Arquero will be imported into the `aq` global object. The default browser bundle does not include the [Apache Arrow](https://arrow.apache.org/) library. To perform Arrow encoding using [toArrow()](https://idl.uw.edu/arquero/api/#toArrow) or binary file loading using [loadArrow()](https://idl.uw.edu/arquero/api/#loadArrow), import Apache Arrow first:

```html

```

Alternatively, you can build and import `arquero.min.js` from the `dist` directory, or build your own application bundle. When building custom application bundles for the browser, the module bundler should draw from the `browser` property of Arquero's `package.json` file. For example, if using [rollup](https://rollupjs.org/), pass the `browser: true` option to the [node-resolve](https://github.com/rollup/plugins/tree/master/packages/node-resolve) plugin.

Arquero uses modern JavaScript features, and so will not work with some outdated browsers. To use Arquero with older browsers including Internet Explorer, set up your project with a transpiler such as [Babel](https://babeljs.io/).

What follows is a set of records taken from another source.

(* Let $1\le k\le n-1$ and let $\Sigma=\mathbb{S}^k\times\mathbb{R}^{n-k}\subset\mathbb{R}^{n+1}$ be a self-shrinker. Let $H\subset\mathbb{R}^{n-k}$ be an open half-space whose boundary is an $(n-k-1)$-dimensional linear subspace (through the origin). Then $\mathbb{S}^k\times H\subset\Sigma$ is unstable, i.e. $L$ has a negative eigenvalue with zero boundary data on it.
   Context: $\mathbb{S}^k$ is the round sphere of radius $\sqrt{2k}$ centered at the origin of $\mathbb{R}^{k+1}$, and $\mathbb{S}^k\times\mathbb{R}^{n-k}\subset\mathbb{R}^{k+1}\times\mathbb{R}^{n-k}$. Stability operator: $Lf=\Delta f-\tfrac12\langle\vec x,\nabla f\rangle+(|A|^2+\tfrac12)f$; eigenvalue convention $Lu=-\lambda u$ with $u\in L^2(e^{-|\vec x|^2/4}d\mu)$. A region is stable if it carries a strictly positive function $u$ with $Lu=0$, and unstable otherwise. *)

theory Defs
  imports "HOL-Analysis.Analysis"
begin

text \<open>Setting. The factor R^(k+1) is modelled by a euclidean space 'a with DIM('a) = k+1,
the factor R^(n-k) by a euclidean space 'b with DIM('b) = n-k. Points of R^(n+1) are
pairs (x,y) :: 'a \<times> 'b.\<close>

definition cyl_rad :: "'a::euclidean_space itself \<Rightarrow> real" where
  "cyl_rad _ = sqrt (2 * (real DIM('a) - 1))"

definition shrinker_cyl :: "('a::euclidean_space \<times> 'b::euclidean_space) set" where
  "shrinker_cyl = {(x, y). norm x = cyl_rad TYPE('a)}"

text \<open>Squared norm of the second fundamental form of the cylinder: k principal
curvatures equal to 1/sqrt(2k), the others zero.\<close>
definition cyl_Asq :: "'a::euclidean_space itself \<Rightarrow> real" where
  "cyl_Asq t = (real DIM('a) - 1) / (cyl_rad t)\<^sup>2"

text \<open>Ambient derivatives of this extension compute the
intrinsic ones on the cylinder: its Euclidean Laplacian on the cylinder equals the
Laplace--Beltrami operator of the cylinder, and its ambient gradient there is tangential.\<close>
definition hom_ext :: "('a::euclidean_space \<times> 'b::euclidean_space \<Rightarrow> real)
    \<Rightarrow> 'a \<times> 'b \<Rightarrow> real" where
  "hom_ext u p = u (cyl_rad TYPE('a) *\<^sub>R (fst p /\<^sub>R norm (fst p)), snd p)"

definition pderiv_dir :: "('c::euclidean_space \<Rightarrow> real) \<Rightarrow> 'c \<Rightarrow> 'c \<Rightarrow> real" where
  "pderiv_dir f b p = frechet_derivative f (at p) b"

definition laplacian :: "('c::euclidean_space \<Rightarrow> real) \<Rightarrow> 'c \<Rightarrow> real" where
  "laplacian f p = (\<Sum>b\<in>Basis. pderiv_dir (pderiv_dir f b) b p)"

definition C2_on :: "'c::euclidean_space set \<Rightarrow> ('c \<Rightarrow> real) \<Rightarrow> bool" where
  "C2_on U f \<longleftrightarrow> f differentiable_on U \<and>
     (\<forall>b\<in>Basis. pderiv_dir f b differentiable_on U \<and>
        (\<forall>c\<in>Basis. continuous_on U (pderiv_dir (pderiv_dir f b) c)))"

definition stab_op :: "('a::euclidean_space \<times> 'b::euclidean_space \<Rightarrow> real)
    \<Rightarrow> 'a \<times> 'b \<Rightarrow> real" where
  "stab_op u p = laplacian (hom_ext u) p
      - 1/2 * frechet_derivative (hom_ext u) (at p) p
      + (cyl_Asq TYPE('a) + 1/2) * u p"

text \<open>Cone over a region of the cylinder (open in R^(n+1) if the region is open in it).\<close>
definition cyl_cone :: "('a::euclidean_space \<times> 'b::euclidean_space) set \<Rightarrow> ('a \<times> 'b) set" where
  "cyl_cone \<Omega> = {(x, y). x \<noteq> 0 \<and> (cyl_rad TYPE('a) *\<^sub>R (x /\<^sub>R norm x), y) \<in> \<Omega>}"

definition stable_region :: "('a::euclidean_space \<times> 'b::euclidean_space) set \<Rightarrow> bool" where
  "stable_region \<Omega> \<longleftrightarrow> (\<exists>u. C2_on (cyl_cone \<Omega>) (hom_ext u) \<and>
       (\<forall>p\<in>\<Omega>. u p > 0 \<and> stab_op u p = 0))"

end

theory Submission
  imports Defs
begin

text \<open>
  Suppose \<open>u > 0\<close> solves \<open>L u = 0\<close> on \<open>\<Omega> = S\<^sup>k \<times> H\<close>. Take a function \<open>\<Phi>\<close> of the
  \<open>\<real>\<^sup>n\<^sup>-\<^sup>k\<close>-coordinate alone and a compact set \<open>Y \<subseteq> H\<close> such that, on \<open>Y\<close>, \<open>\<Phi>\<close> is positive only
  in the interior of \<open>Y\<close>, where it is a strict subsolution: \<open>L \<Phi> > 0\<close>. Let \<open>c > 0\<close> be the
  maximum of \<open>\<Phi> / u\<close> over \<open>S\<^sup>k \<times> Y\<close>, attained at \<open>p\<close>. As \<open>u\<close> is extended constantly along rays,
  \<open>\<Phi> \<le> c u\<close> on the open cone over the interior of \<open>Y\<close>, so \<open>\<Phi> - c u\<close> has a local maximum \<open>0\<close>
  at \<open>p\<close>: its gradient vanishes and its Laplacian is nonpositive, whence
  \<open>L \<Phi> (p) \<le> c L u (p) = 0\<close>, a contradiction. For \<open>Y\<close> take the slab \<open>1/2 \<le> e \<bullet> y \<le> 8\<close> in the
  direction \<open>e\<close> normal to \<open>\<partial>H\<close>, cut by a solid cylinder around the \<open>e\<close>-axis, and for \<open>\<Phi>\<close> a
  cubic in \<open>e \<bullet> y\<close> vanishing at \<open>1/2\<close> and \<open>8\<close> times a transverse paraboloid; a large cylinder
  radius makes the contribution of the cubic dominate.
\<close>

lemma has_real_derivative_pderiv_dir:
  fixes f :: "'c::euclidean_space \<Rightarrow> real"
  assumes "f differentiable at (p + s *\<^sub>R b)"
  shows "((\<lambda>r. f (p + r *\<^sub>R b)) has_real_derivative pderiv_dir f b (p + s *\<^sub>R b)) (at s)"
proof -
  let ?D = "frechet_derivative f (at (p + s *\<^sub>R b))"
  have D: "(f has_derivative ?D) (at (p + s *\<^sub>R b))"
    using assms frechet_derivative_works by blast
  interpret D: bounded_linear ?D
    using D by (rule has_derivative_bounded_linear)
  have "((\<lambda>r. p + r *\<^sub>R b) has_derivative (\<lambda>r. r *\<^sub>R b)) (at s)"
    by (intro derivative_eq_intros) auto
  from has_derivative_compose[OF this D] show ?thesis
    unfolding has_field_derivative_def pderiv_dir_def by (simp add: D.scaleR mult_commute_abs)
qed

lemma second_deriv_nonpos_at_local_max:
  fixes \<phi> \<psi> :: "real \<Rightarrow> real"
  assumes "0 < d"
    and max: "\<And>s. \<bar>s\<bar> < d \<Longrightarrow> \<phi> s \<le> \<phi> 0"
    and \<phi>': "\<And>s. \<bar>s\<bar> < d \<Longrightarrow> (\<phi> has_real_derivative \<psi> s) (at s)"
    and \<psi>': "(\<psi> has_real_derivative D) (at 0)"
  shows "D \<le> 0"
proof (rule ccontr)
  assume "\<not> D \<le> 0"
  then obtain d' where "d' > 0" and \<psi>_inc: "\<And>h. 0 < h \<Longrightarrow> h < d' \<Longrightarrow> \<psi> 0 < \<psi> h"
    using DERIV_pos_inc_right[OF \<psi>'] by auto
  have "(\<phi> has_real_derivative \<psi> 0) (at 0)"
    using \<phi>' \<open>0 < d\<close> by simp
  moreover have "\<forall>s. \<bar>0 - s\<bar> < d \<longrightarrow> \<phi> s \<le> \<phi> 0"
    using max by simp
  ultimately have "\<psi> 0 = 0"
    using DERIV_local_max \<open>0 < d\<close> by blast
  define \<delta> where "\<delta> = min d d' / 2"
  have \<delta>: "0 < \<delta>" "\<delta> < d" "\<delta> < d'"
    using \<open>0 < d\<close> \<open>d' > 0\<close> by (auto simp: \<delta>_def)
  have "(\<phi> has_real_derivative \<psi> s) (at s)" if "0 \<le> s" "s \<le> \<delta>" for s
    using \<phi>' \<delta> that by simp
  then obtain z where z: "0 < z" "z < \<delta>" "\<phi> \<delta> - \<phi> 0 = \<delta> * \<psi> z"
    using MVT2[OF \<open>0 < \<delta>\<close>, of \<phi> \<psi>] by auto
  have "\<psi> z > 0"
    using \<psi>_inc[of z] z \<delta> \<open>\<psi> 0 = 0\<close> by simp
  then have "\<phi> \<delta> > \<phi> 0"
    using z(3) \<open>0 < \<delta>\<close> by (metis diff_gt_0_iff_gt mult_pos_pos)
  with max[of \<delta>] \<delta> show False
    by simp
qed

### In Node.js or Application Bundles

First install `arquero` as a dependency, for example via `npm install arquero --save`.
Arquero assumes Node version 18 or higher.
As of Arquero version 6, the library uses type `module` and should be loaded using ES module syntax.

Import using ES module syntax, import all exports into a single object:

```js
import * as aq from 'arquero';
```

Import using ES module syntax, with targeted imports:

```js
import { op, table } from 'arquero';
```

Dynamic import (e.g., within a Node.js REPL):

```js
aq = await import('arquero');
```

## Build Instructions

To build and develop Arquero locally:

- Clone [https://github.com/uwdata/arquero](https://github.com/uwdata/arquero).
- Run `npm i` to install dependencies.
- Run `npm test` to run test cases, `npm run perf` to run performance benchmarks, and `npm run build` to build output files.